If they knew who we were, we were just like two really young, dumb inexperienced kids. We’re going to leave with this baby. They’re going to let us leave the hospital with that kid. Over time, you develop instincts as a parent. You develop instincts as an investor. Phil, has that been your experience because you’re the most experienced? Not the oldest, I’m not saying that, but the most various person on this call when it comes to investing. How much is instincts a part of the success recipe?
If what we mean by instincts in investing is that specific feeling lever, let’s crank it. I’ve got this one or there’s something to be concerned about. I don’t know what it is. I don’t have any rational backing for that, but I I’m feeling that feeling. It’s over critical. You need to be in touch with that part of you that tells you to pay attention here, either in a good way or bad way and dig deep at that point.

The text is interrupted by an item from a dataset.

(* Let $a,b$ be as in the context and let $w=(w_n)_{n\ge0}$ be a sequence of complex numbers. If $$\sup_{n\ge0}\Big|\frac{w_na_n}{a_{n+1}}\Big|<\infty\quad\text{and}\quad\limsup_{n\to\infty}\Big|\frac{b_n}{a_{n+1}}\Big|<1,$$ then, with $c_n:=w_{n+1}\frac{b_n}{a_{n+2}}-w_n\frac{a_n}{a_{n+1}}\frac{b_{n+1}}{a_{n+2}}$, one has $\sup_{n\ge0}|c_n|<\infty$ and $\sum_{n=3}^{\infty}\sup_{j\ge0}\big|c_j\prod_{k=3}^{n}\frac{b_{j+k-1}}{a_{j+k}}\big|<\infty$; consequently $F_w$ is a bounded operator on $\ell^p_{a,b}$ for every $1\le p<\infty$ and on $c_{0,a,b}$.
   Context: Let $a=(a_n)_{n\ge0}$, $b=(b_n)_{n\ge0}$ be sequences of nonzero complex numbers with $\limsup_{n\to\infty}(|a_n|+|b_n|)^{1/n}<\infty$, and let $R=1/\limsup_{n}(|a_n|+|b_n|)^{1/n}\in(0,\infty]$. For $n\ge0$ let $f_n(z)=(a_n+b_nz)z^n$. For $1\le p<\infty$, $\ell^p_{a,b}$ is the space of analytic functions on $\{|z|<R\}$ of the form $f=\sum_{n\ge0}\lambda_nf_n$ with $(\lambda_n)\in\ell^p(\mathbb{N}_0)$ (the series converges locally uniformly on $\{|z|<R\}$ and the $\lambda_n$ are uniquely determined by $f$), normed by $\|f\|=(\sum_n|\lambda_n|^p)^{1/p}$; thus $\{f_n\}$ is a normalized Schauder basis equivalent to the standard basis of $\ell^p(\mathbb{N}_0)$. The space $c_{0,a,b}$ is defined in the same way with $(\lambda_n)\in c_0(\mathbb{N}_0)$ and norm $\sup_n|\lambda_n|$. For a sequence $w=(w_n)_{n\ge0}$, the weighted forward shift is $F_w\big(\sum_{n\ge0}\mu_nz^n\big)=\sum_{n\ge0}\mu_nw_nz^{n+1}$ (acting on power series); "bounded on $X$" means $F_w$ maps $X$ into $X$ and is a bounded operator. *)

theory Defs
  imports "HOL-Analysis.Analysis"
begin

This little warning sign that probably comes from millions of years of evolution says your senses are picking things up that your rational mind hasn’t been processed yet or isn’t able to process because it’s just data that’s out there.

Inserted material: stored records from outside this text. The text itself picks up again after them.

definition level :: "nat \<Rightarrow> sym list set" where
  "level k = {u. admissible u \<and> weight u = k}"

definition stratum :: "nat \<Rightarrow> nat \<Rightarrow> sym list set" where
  "stratum n k = {u. admissible u \<and> length u = n \<and> weight u = k}"

lemma S_eq_card_level: "S k = card (level k)"
  unfolding S_def level_def by (rule arg_cong[where f = card]) (auto simp: K_eq_weight)

lemma N_eq_card_stratum: "N k n = card (stratum n k)"
  unfolding N_def stratum_def by (rule arg_cong[where f = card]) (auto simp: K_eq_weight)

lemma finite_level: "finite (level k)"
  by (rule finite_subset[OF _ finite_lists_shorter[of k]]) (auto simp: level_def length_less_weight)

lemma finite_stratum: "finite (stratum n k)"
  by (rule finite_subset[OF _ finite_level[of k]]) (auto simp: stratum_def level_def)

lemma level_eq_empty: "k \<le> 1 \<Longrightarrow> level k = {}"
  using two_le_weight by (force simp: level_def dest: admissible_nonempty)

lemma stratum_eq_empty: "k \<le> n \<Longrightarrow> stratum n k = {}"
  unfolding stratum_def using length_less_weight not_less by blast

lemma level_Suc_Suc:
  "level (Suc (Suc m)) = (if m = 0 then {[A], [B], [C], [D]} else {}) \<union>
     ((\<lambda>w. AB_pred w # w) ` level (Suc m) \<union> Cons C ` level m \<union> Cons D ` level m)"
  (is "?L = ?R")
proof (rule set_eqI)
  fix u
  show "u \<in> ?L \<longleftrightarrow> u \<in> ?R"
  proof (cases u)
    case (Cons a w)
    show ?thesis
    proof (cases "w = []")
      case True
      then show ?thesis using Cons by (cases a) (auto simp: level_def)
    next
      case False
      then show ?thesis
        using Cons admissible_weight_Cons_iff[OF False, of a m] by (auto simp: level_def)
    qed
  qed (auto simp: level_def admissible_def)
qed

lemma stratum_Suc_Suc:
  "stratum (Suc (Suc n)) (Suc (Suc m)) =
     (\<lambda>w. AB_pred w # w) ` stratum (Suc n) (Suc m) \<union> Cons C ` stratum (Suc n) m \<union>
     Cons D ` stratum (Suc n) m"
  (is "?L = ?R")
proof (rule set_eqI)
  fix u
  show "u \<in> ?L \<longleftrightarrow> u \<in> ?R"
  proof (cases u)
    case (Cons a w)
    show ?thesis
    proof (cases "w = []")
      case False
      then show ?thesis
        using Cons admissible_weight_Cons_iff[OF False, of a m] by (auto simp: stratum_def)
    qed (use Cons in \<open>auto simp: stratum_def\<close>)
  qed (auto simp: stratum_def)
qed

lemma S_Suc_Suc: "S (Suc (Suc m)) = (if m = 0 then 4 else 0) + S (Suc m) + 2 * S m"
proof -
  have "(if m = 0 then {[A], [B], [C], [D]} else {}) \<inter>
      ((\<lambda>w. AB_pred w # w) ` level (Suc m) \<union> Cons C ` level m \<union> Cons D ` level m) = {}"
    by (auto simp: level_def)
  then show ?thesis
    unfolding S_eq_card_level level_Suc_Suc
    by (simp add: card_Un_disjoint finite_level card_extensions)
qed

fun half_S :: "nat \<Rightarrow> nat" where
  "half_S 0 = 0"
| "half_S (Suc 0) = 0"
| "half_S (Suc (Suc m)) = (if m = 0 then 2 else 0) + half_S (Suc m) + 2 * half_S m"

lemma S_eq_twice_half_S: "S k = 2 * half_S k"
proof (induction k rule: half_S.induct)
  case (3 m)
  then show ?case by (simp add: S_Suc_Suc)
qed (simp_all add: S_eq_card_level level_eq_empty)

lemma half_S_add_half_S_Suc: "1 \<le> k \<Longrightarrow> half_S k + half_S (Suc k) = 2 ^ k"
proof (induction k rule: nat_induct_at_least)
  case base
  then show ?case by (simp add: numeral_2_eq_2)
next
  case (Suc k)
  then show ?case by simp
qed

lemma sum_S_lessThan: "1 \<le> k \<Longrightarrow> (\<Sum>i<k. S i) + half_S k + 2 = 2 ^ k"
proof (induction k rule: nat_induct_at_least)
  case base
  then show ?case by (simp add: S_eq_twice_half_S)
next
  case (Suc k)
  have "S k = half_S k + half_S k"
    by (simp add: S_eq_twice_half_S)
  then show ?case
    using Suc.IH half_S_add_half_S_Suc[OF Suc.hyps] by simp
qed

lemma half_S_le: "half_S k \<le> 2 ^ (k - 1)"
proof (cases k)
  case (Suc j)
  then show ?thesis
    using half_S_add_half_S_Suc[of j] by (cases j) simp_all
qed simp

lemma N_Suc_eq_binomial: "N (n + 2 + y) (Suc n) = (n choose y) * 2 ^ (y + 2)"
proof (induction n arbitrary: y)
  case 0
  have "stratum 1 (2 + y) = (if y = 0 then (\<lambda>a. [a]) ` UNIV else {})"
    by (auto simp: stratum_def length_Suc_conv)
  moreover have "card ((\<lambda>a. [a]) ` (UNIV :: sym set)) = 4"
    by (simp add: card_image UNIV_sym)
  ultimately show ?case
    by (simp add: N_eq_card_stratum)
next
  case (Suc n)
  have "N (Suc n + 2 + y) (Suc (Suc n)) = N (n + 2 + y) (Suc n) + 2 * N (n + 1 + y) (Suc n)"
    using stratum_Suc_Suc[of n "Suc n + y"]
    by (simp add: N_eq_card_stratum card_extensions finite_stratum)
  also have "\<dots> = (Suc n choose y) * 2 ^ (y + 2)"
  proof (cases y)
    case 0
    then show ?thesis
      using Suc.IH[of 0] by (simp add: N_eq_card_stratum stratum_eq_empty)
  next
    case (Suc z)
    then show ?thesis
      using Suc.IH[of y] Suc.IH[of z] by (simp add: add_mult_distrib)
  qed
  finally show ?case .
qed

section \<open>The law of the number of visits to C and D\<close>

lemma Pr_conj_Xcnt_eq:
  "Pr n (\<lambda>u. E u \<and> Xcnt u = x) = card {u \<in> stratum n (n + 1 + x). E u} * (1/2) ^ (n + 1 + x)"
proof -
  have "Pr n (\<lambda>u. E u \<and> Xcnt u = x) = (\<Sum>u \<in> {u \<in> stratum n (n + 1 + x). E u}. prob u)"
    unfolding Pr_def
  proof (rule sum.mono_neutral_right)
    show "finite {u. length u = n \<and> E u \<and> Xcnt u = x}"
      by (rule finite_subset[OF _ finite_list_length[of n]]) auto
  qed (auto simp: prob_eq_weight stratum_def weight_def)
  also have "\<dots> = (\<Sum>u \<in> {u \<in> stratum n (n + 1 + x). E u}. (1/2) ^ (n + 1 + x))"
    by (rule sum.cong) (auto simp: prob_eq_weight stratum_def)
  finally show ?thesis
    by simp
qed

lemma Pr_Xcnt_eq_binomial: "Pr (Suc n) (\<lambda>u. Xcnt u = y) = (n choose y) * (1/2) ^ n"
proof -
  have "Pr (Suc n) (\<lambda>u. Xcnt u = y) = N (n + 2 + y) (Suc n) * (1/2) ^ (n + 2 + y)"
    using Pr_conj_Xcnt_eq[of "Suc n" "\<lambda>_. True" y] by (simp add: N_eq_card_stratum)
  also have "\<dots> = (n choose y) * ((2 * (1/2)) ^ (y + 2) * (1/2) ^ n)"
    unfolding N_Suc_eq_binomial power_mult_distrib power_add by simp
  finally show ?thesis
    by simp
qed

lemma Pr_eq_sum_Xcnt: "Pr n E = (\<Sum>y = 0..n-1. Pr n (\<lambda>u. E u \<and> Xcnt u = y))"
proof -
  have "finite {u. length u = n \<and> E u}"
    by (rule finite_subset[OF _ finite_list_length[of n]]) auto
  moreover have "Xcnt ` {u. length u = n \<and> E u} \<subseteq> {0..n-1}"
    using Xcnt_le by auto
  ultimately show ?thesis
    unfolding Pr_def by (simp add: sum.group[symmetric, of _ "{0..n-1}" Xcnt])
qed

lemma Pr_conj_eq_cond_Pr: "Pr n F \<noteq> 0 \<Longrightarrow> Pr n (\<lambda>u. E u \<and> F u) = Pr n F * cond_Pr n E F"
  by (simp add: cond_Pr_def)

section \<open>Lengths of shortlex binary codewords\<close>

definition bin_lex_rank :: "bool list \<Rightarrow> nat" where
  "bin_lex_rank w = card {v. length v = length w \<and> v < w}"

lemma bij_betw_bin_lex_rank: "bij_betw bin_lex_rank {w. length w = l} {..<2 ^ l}"
proof -
  have "card {w :: bool list. length w = l} = 2 ^ l"
    using card_lists_length_eq[of "UNIV :: bool set" l] by simp
  then have "bij_betw (\<lambda>w. card {v \<in> {w. length w = l}. v < w}) {w :: bool list. length w = l} {..<2 ^ l}"
    using bij_betw_card_predecessors[of "{w :: bool list. length w = l}" "(<)"]
    by (simp add: finite_list_length)
  then show ?thesis
    by (rule bij_betw_cong[THEN iffD1, rotated]) (simp add: bin_lex_rank_def)
qed

lemma card_bool_lists_shorter: "card {v :: bool list. length v < l} = 2 ^ l - 1"
proof -
  have "{v :: bool list. length v < l} = (\<Union>i<l. {v. length v = i})"
    by auto
  also have "card \<dots> = (\<Sum>i<l. card {v :: bool list. length v = i})"
    by (rule card_UN_disjoint) (auto simp: finite_list_length)
  also have "\<dots> = (\<Sum>i<l. 2 ^ i)"
    using card_lists_length_eq[of "UNIV :: bool set"] by simp
  finally show ?thesis
    by (simp add: lessThan_atLeast0 sum_power2)
qed

lemma bin_rank_eq: "w \<noteq> [] \<Longrightarrow> bin_rank w = 2 ^ length w - 1 + bin_lex_rank w"
proof -
  assume "w \<noteq> []"
  let ?l = "length w"
  have "{v. v \<noteq> [] \<and> bin_less v w} = ({v. length v < ?l} - {[]}) \<union> {v. length v = ?l \<and> v < w}"
    using \<open>w \<noteq> []\<close> by (auto simp: bin_less_def list_less_def)
  moreover have "finite {v :: bool list. length v = ?l \<and> v < w}"
    by (rule finite_subset[OF _ finite_list_length[of ?l]]) auto
  moreover have "({v :: bool list. length v < ?l} - {[]}) \<inter> {v. length v = ?l \<and> v < w} = {}"
    by auto
  ultimately have "card {v. v \<noteq> [] \<and> bin_less v w} =
      card ({v :: bool list. length v < ?l} - {[]}) + card {v. length v = ?l \<and> v < w}"
    by (simp add: card_Un_disjoint finite_lists_shorter)
  moreover have "card ({v :: bool list. length v < ?l} - {[]}) = 2 ^ ?l - 2"
    using \<open>w \<noteq> []\<close> card_bool_lists_shorter[of ?l]
    by (simp add: card_Diff_singleton finite_lists_shorter)
  moreover have "(2 :: nat) \<le> 2 ^ ?l"
    using \<open>w \<noteq> []\<close> by (cases w) auto
  ultimately show ?thesis
    by (simp add: bin_rank_def bin_lex_rank_def)
qed

lemma length_eq_floor_log_bin_rank: "w \<noteq> [] \<Longrightarrow> length w = floor_log (Suc (bin_rank w))"
proof -
  assume "w \<noteq> []"
  have "bin_lex_rank w < 2 ^ length w"
    using bij_betw_apply[OF bij_betw_bin_lex_rank] by simp
  moreover have "1 \<le> (2 :: nat) ^ length w"
    by simp
  ultimately show ?thesis
    using \<open>w \<noteq> []\<close> by (intro floor_log_eqI[symmetric]) (simp_all add: bin_rank_eq)
qed

lemma bstr_bin_rank: "w \<noteq> [] \<Longrightarrow> bstr (bin_rank w) = w"
proof -
  assume "w \<noteq> []"
  have "v = w" if "v \<noteq> []" "bin_rank v = bin_rank w" for v
  proof -
    have len: "length v = length w"
      using that \<open>w \<noteq> []\<close> by (simp add: length_eq_floor_log_bin_rank)
    then have "2 ^ length w - 1 + bin_lex_rank v = 2 ^ length w - 1 + bin_lex_rank w"
      using that \<open>w \<noteq> []\<close> by (metis bin_rank_eq)
    then have "bin_lex_rank v = bin_lex_rank w"
      by (simp only: add_left_cancel)
    with len show "v = w"
      using inj_onD[OF bij_betw_imp_inj_on[OF bij_betw_bin_lex_rank[of "length w"]]] by simp
  qed
  then show ?thesis
    unfolding bstr_def using \<open>w \<noteq> []\<close> by (intro the_equality) auto
qed

lemma ex_bin_rank_eq: "1 \<le> j \<Longrightarrow> \<exists>w. w \<noteq> [] \<and> bin_rank w = j"
proof -
  assume "1 \<le> j"
  let ?l = "floor_log (Suc j)"
  have lower: "2 ^ ?l \<le> Suc j" and upper: "Suc j < 2 * 2 ^ ?l"
    by (simp_all add: floor_log_exp2_le floor_log_exp2_gt)
  have "1 \<le> ?l"
    using upper \<open>1 \<le> j\<close> by (cases ?l) auto
  have "Suc j - 2 ^ ?l \<in> bin_lex_rank ` {w. length w = ?l}"
    using bij_betw_imp_surj_on[OF bij_betw_bin_lex_rank[of ?l]] lower upper by auto
  then obtain w where "Suc j - 2 ^ ?l = bin_lex_rank w" "length w = ?l"
    by auto
  moreover from this have "w \<noteq> []"
    using \<open>1 \<le> ?l\<close> by auto
  ultimately show ?thesis
    using lower by (intro exI[of _ w]) (simp add: bin_rank_eq)
qed

lemma length_bstr: "1 \<le> j \<Longrightarrow> length (bstr j) = floor_log (Suc j)"
proof -
  assume "1 \<le> j"
  then obtain w where "w \<noteq> []" "bin_rank w = j"
    using ex_bin_rank_eq by blast
  then show ?thesis
    using bstr_bin_rank length_eq_floor_log_bin_rank by auto
qed

section \<open>Rank of a string in the source order\<close>

lemma sym_lex_less_iff: "sym_lex_less u v \<longleftrightarrow> map sym_idx u < map sym_idx v"
  by (simp add: sym_lex_less_def list_less_def)

lemma inj_sym_idx: "inj sym_idx"
proof (rule injI)
  fix a b
  show "sym_idx a = sym_idx b \<Longrightarrow> a = b"
    by (cases a; cases b) simp_all
qed

lemma strict_linear_order_on_sym_lex_less:
  "irreflp_on M sym_lex_less" "transp_on M sym_lex_less" "totalp_on M sym_lex_less"
  using inj_map_eq_map[OF inj_sym_idx]
  by (auto simp: sym_lex_less_iff irreflp_on_def transp_on_def totalp_on_def not_less
      order.order_iff_strict)

definition lex_rank :: "sym list \<Rightarrow> nat" where
  "lex_rank u = card {v \<in> stratum (length u) (weight u). sym_lex_less v u}"

lemma bij_betw_lex_rank: "bij_betw lex_rank (stratum n k) {..<N k n}"
proof -
  have "bij_betw (\<lambda>u. card {v \<in> stratum n k. sym_lex_less v u}) (stratum n k) {..<N k n}"
    unfolding N_eq_card_stratum
    by (rule bij_betw_card_predecessors[OF finite_stratum strict_linear_order_on_sym_lex_less])
  then show ?thesis
    by (rule bij_betw_cong[THEN iffD1, rotated]) (simp add: lex_rank_def stratum_def)
qed

lemma card_weight_less: "card {v. admissible v \<and> weight v < k} = (\<Sum>i<k. S i)"
proof -
  have "{v. admissible v \<and> weight v < k} = (\<Union>i<k. level i)"
    by (auto simp: level_def)
  also have "card \<dots> = (\<Sum>i<k. card (level i))"
    by (rule card_UN_disjoint) (use finite_level in \<open>auto simp: level_def\<close>)
  finally show ?thesis
    by (simp add: S_eq_card_level)
qed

Your senses are picking it up in some capacity. You’ve read something somewhere in terms of investing. You’ve seen something on TV. Some book you read, some person talked to you. It’s not in a structured way. It isn’t about whole foods, that conversation. It was about something else. It’s ringing a bell and that bell needs your attention. Danielle said it very well, you look at that and dig deeper because something’s asking for attention right there.
This is one of those questions that in any area of our life, whether it’s you’re investing, whether it’s parenting, whether it’s your business, any area, how am I feeling in my body is a magnificent question to get present? There’s so much at least, I can just talk from my own experience, making better decisions ultimately when we talk about investing, successful investing, just like we’re talking about. Any other outcome in our lives, any other result in our lives, we’re talking about being able to make quality decisions in a given moment under whatever kind circumstances and other times under really extreme circumstances of stress and the rest. That ability to make spontaneous right decisions has a lot to do with trusting ourselves.

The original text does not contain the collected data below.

definition color_hom_lie ::
  "('k::field \<Rightarrow> 'v::ab_group_add \<Rightarrow> 'v) \<Rightarrow> ('g::ab_group_add \<Rightarrow> 'v set)
     \<Rightarrow> ('v \<Rightarrow> 'v \<Rightarrow> 'v) \<Rightarrow> ('v \<Rightarrow> 'v) \<Rightarrow> ('g \<Rightarrow> 'g \<Rightarrow> 'k) \<Rightarrow> bool" where
  "color_hom_lie scale gr br \<alpha> \<epsilon> \<longleftrightarrow>
     graded_space scale gr \<and> bicharacter \<epsilon> \<and>
     bilinear_map scale br \<and> even_bracket gr br \<and>
     Vector_Spaces.linear scale scale \<alpha> \<and> even_map gr \<alpha> \<and>
     (\<forall>a b. \<forall>x\<in>gr a. \<forall>y\<in>gr b. br x y = - scale (\<epsilon> a b) (br y x)) \<and>
     (\<forall>a b c. \<forall>x\<in>gr a. \<forall>y\<in>gr b. \<forall>z\<in>gr c.
        scale (\<epsilon> c a) (br (\<alpha> x) (br y z)) + scale (\<epsilon> a b) (br (\<alpha> y) (br z x))
          + scale (\<epsilon> b c) (br (\<alpha> z) (br x y)) = 0)"

text \<open>Even (degree-zero homogeneous) elements of the centroid: for even theta the
  colour factor epsilon(theta,x) equals 1.\<close>
definition even_centroid ::
  "('k::field \<Rightarrow> 'v::ab_group_add \<Rightarrow> 'v) \<Rightarrow> ('g \<Rightarrow> 'v set) \<Rightarrow> ('v \<Rightarrow> 'v \<Rightarrow> 'v) \<Rightarrow> ('v \<Rightarrow> 'v) \<Rightarrow> bool" where
  "even_centroid scale gr br \<theta> \<longleftrightarrow>
     Vector_Spaces.linear scale scale \<theta> \<and> even_map gr \<theta> \<and>
     (\<forall>a b. \<forall>x\<in>gr a. \<forall>y\<in>gr b.
        \<theta> (br x y) = br (\<theta> x) y \<and> br (\<theta> x) y = br x (\<theta> y))"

My own experience with investing is when I trust myself, when I trust my instincts, which is an advice my dad gave me early on. “Trust your instincts.” I go, “What the fuck does that mean?”How do you learn how to trust your instincts? When you have learned how to trust your instincts, you’re more often than not going to be right about those things. You’ve taken us to that essential place where your instincts become apparent to you through feedback. I forget what the percentage was, but your body will provide biofeedback 1 million times faster than your mind will. To pay attention, Danielle, like you said, to what’s going on inside, which is more of it by the way is female, more of a yin than a yang way of being.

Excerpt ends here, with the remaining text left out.